Open enthu-sh opened 5 years ago
The labels represent individual ranges labeled by humans.
NAB uses anomaly windows for scoring because the anomalies are temporal and can span a period of time. These windows are in combined_windows.json and calculated from the individual labels as described in the appendix 'Appendix B: Label combining algorithm' in the NAB whitepaper
Sometimes if two labels are close together, they will be combined into one window, so that might have happened here.

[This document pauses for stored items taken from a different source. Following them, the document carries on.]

definition fa_add :: "fa \<Rightarrow> fa \<Rightarrow> fa" where
  "fa_add P Q = (\<lambda>w. P w + Q w)"

definition fa_sub :: "fa \<Rightarrow> fa \<Rightarrow> fa" where
  "fa_sub P Q = (\<lambda>w. P w - Q w)"

definition fa_smult :: "rat \<Rightarrow> fa \<Rightarrow> fa" where
  "fa_smult c P = (\<lambda>w. c * P w)"

definition fa_mult :: "fa \<Rightarrow> fa \<Rightarrow> fa" where
  "fa_mult P Q = (\<lambda>w. \<Sum>k\<in>{0..length w}. P (take k w) * Q (drop k w))"

definition fa_lin :: "((nat \<times> nat) list \<Rightarrow> fa) \<Rightarrow> fa \<Rightarrow> fa" where
  "fa_lin f P = (\<lambda>v. \<Sum>w\<in>{w. P w \<noteq> 0}. P w * f w v)"

definition fa_homog :: "nat \<Rightarrow> fa \<Rightarrow> bool" where
  "fa_homog d P \<longleftrightarrow> (\<forall>w. P w \<noteq> 0 \<longrightarrow> length w = d)"

definition fa_hcomp :: "nat \<Rightarrow> fa \<Rightarrow> fa" where
  "fa_hcomp d P = (\<lambda>w. if length w = d then P w else 0)"

definition fk_rels :: "nat \<Rightarrow> fa set" where
  "fk_rels n =
     {fa_add (fa_gen i j) (fa_gen j i) | i j. (i, j) \<in> fk_gens n}
   \<union> {fa_mult (fa_gen i j) (fa_gen i j) | i j. (i, j) \<in> fk_gens n}
   \<union> {fa_sub (fa_mult (fa_gen i j) (fa_gen k l)) (fa_mult (fa_gen k l) (fa_gen i j)) | i j k l.
        i \<in> {1..n} \<and> j \<in> {1..n} \<and> k \<in> {1..n} \<and> l \<in> {1..n} \<and> distinct [i, j, k, l]}
   \<union> {fa_add (fa_add (fa_mult (fa_gen i j) (fa_gen j k)) (fa_mult (fa_gen j k) (fa_gen k i)))
             (fa_mult (fa_gen k i) (fa_gen i j)) | i j k.
        i \<in> {1..n} \<and> j \<in> {1..n} \<and> k \<in> {1..n} \<and> distinct [i, j, k]}"

inductive_set fk_ideal :: "nat \<Rightarrow> fa set" for n :: nat where
  zero: "(\<lambda>_. 0) \<in> fk_ideal n"
| gen: "r \<in> fk_rels n \<Longrightarrow> set u \<subseteq> fk_gens n \<Longrightarrow> set v \<subseteq> fk_gens n \<Longrightarrow>
        fa_mult (fa_mult (fa_word u) r) (fa_word v) \<in> fk_ideal n"
| add: "a \<in> fk_ideal n \<Longrightarrow> b \<in> fk_ideal n \<Longrightarrow> fa_add a b \<in> fk_ideal n"
| smult: "a \<in> fk_ideal n \<Longrightarrow> fa_smult c a \<in> fk_ideal n"

definition fk_cong :: "nat \<Rightarrow> fa \<Rightarrow> fa \<Rightarrow> bool" where
  "fk_cong n P Q \<longleftrightarrow> fa_sub P Q \<in> fk_ideal n"

definition tsp :: "nat \<times> nat \<Rightarrow> nat \<Rightarrow> nat" where
  "tsp g x = (if x = fst g then snd g else if x = snd g then fst g else x)"

definition gen_map :: "(nat \<Rightarrow> nat) \<Rightarrow> nat \<times> nat \<Rightarrow> nat \<times> nat" where
  "gen_map s g = (s (fst g), s (snd g))"

fun sigma_word :: "(nat \<times> nat) list \<Rightarrow> nat \<Rightarrow> nat" where
  "sigma_word [] = id"
| "sigma_word (g # w) = tsp g \<circ> sigma_word w"

text \<open>Delta_ab(x_ij) as a scalar.\<close>
definition dgen :: "nat \<times> nat \<Rightarrow> nat \<times> nat \<Rightarrow> rat" where
  "dgen ab g = (if g = ab then 1 else if g = (snd ab, fst ab) then -1 else 0)"

text \<open>Delta_ab on words: Delta(x w) = Delta(x) w + sigma_ab(x) Delta(w).\<close>
fun delta_word :: "nat \<times> nat \<Rightarrow> (nat \<times> nat) list \<Rightarrow> fa" where
  "delta_word ab [] = (\<lambda>_. 0)"
| "delta_word ab (g # w) = (\<lambda>v. dgen ab g * fa_word w v +
      (case v of [] \<Rightarrow> 0 | h # v' \<Rightarrow> if h = gen_map (tsp ab) g then delta_word ab w v' else 0))"

definition delta_op :: "nat \<times> nat \<Rightarrow> fa \<Rightarrow> fa" where
  "delta_op ab Q = fa_lin (delta_word ab) Q"

text \<open>nabla_ab on words (written on the right):
  (x w) nabla_ab = x (w nabla_ab) + (x nabla_{sigma_w(a) sigma_w(b)}) w.\<close>
fun nabla_word :: "nat \<times> nat \<Rightarrow> (nat \<times> nat) list \<Rightarrow> fa" where
  "nabla_word ab [] = (\<lambda>_. 0)"
| "nabla_word ab (g # w) = (\<lambda>v.
      (case v of [] \<Rightarrow> 0 | h # v' \<Rightarrow> if h = g then nabla_word ab w v' else 0)
      + dgen (gen_map (sigma_word w) ab) g * fa_word w v)"

definition nabla_op :: "nat \<times> nat \<Rightarrow> fa \<Rightarrow> fa" where
  "nabla_op ab Q = fa_lin (nabla_word ab) Q"

fun Delta_word :: "(nat \<times> nat) list \<Rightarrow> fa \<Rightarrow> fa" where
  "Delta_word [] Q = Q"
| "Delta_word (g # w) Q = delta_op g (Delta_word w Q)"

fun Nabla_word :: "fa \<Rightarrow> (nat \<times> nat) list \<Rightarrow> fa" where
  "Nabla_word Q [] = Q"
| "Nabla_word Q (g # w) = Nabla_word (nabla_op g Q) w"

definition Delta :: "fa \<Rightarrow> fa \<Rightarrow> fa" where
  "Delta P Q = (\<lambda>v. \<Sum>w\<in>{w. P w \<noteq> 0}. P w * Delta_word w Q v)"

definition Nabla :: "fa \<Rightarrow> fa \<Rightarrow> fa" where
  "Nabla Q P = (\<lambda>v. \<Sum>w\<in>{w. P w \<noteq> 0}. P w * Nabla_word Q w v)"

I want to use realAWS dataset for anomaly detection. But the labels for anomalies are not clear. In the labels folder, there are two files: combined_labels.json and combined_windows.json. In these two files for the system the entries do not match. For example:
"realAWSCloudwatch/ec2_cpu_utilization_24ae8d.csv": [ [ "2014-02-26 13:45:00.000000", "2014-02-27 06:25:00.000000" ], [ "2014-02-27 08:55:00.000000", "2014-02-28 01:35:00.000000" ] ],
It is the entry in combined_windows.json and
"realAWSCloudwatch/ec2_cpu_utilization_24ae8d.csv": [ "2014-02-26 22:05:00", "2014-02-27 17:15:00" ],
this is the entry in combined_labels.json.
Why is there such a mismatch. Which file is correct to be used?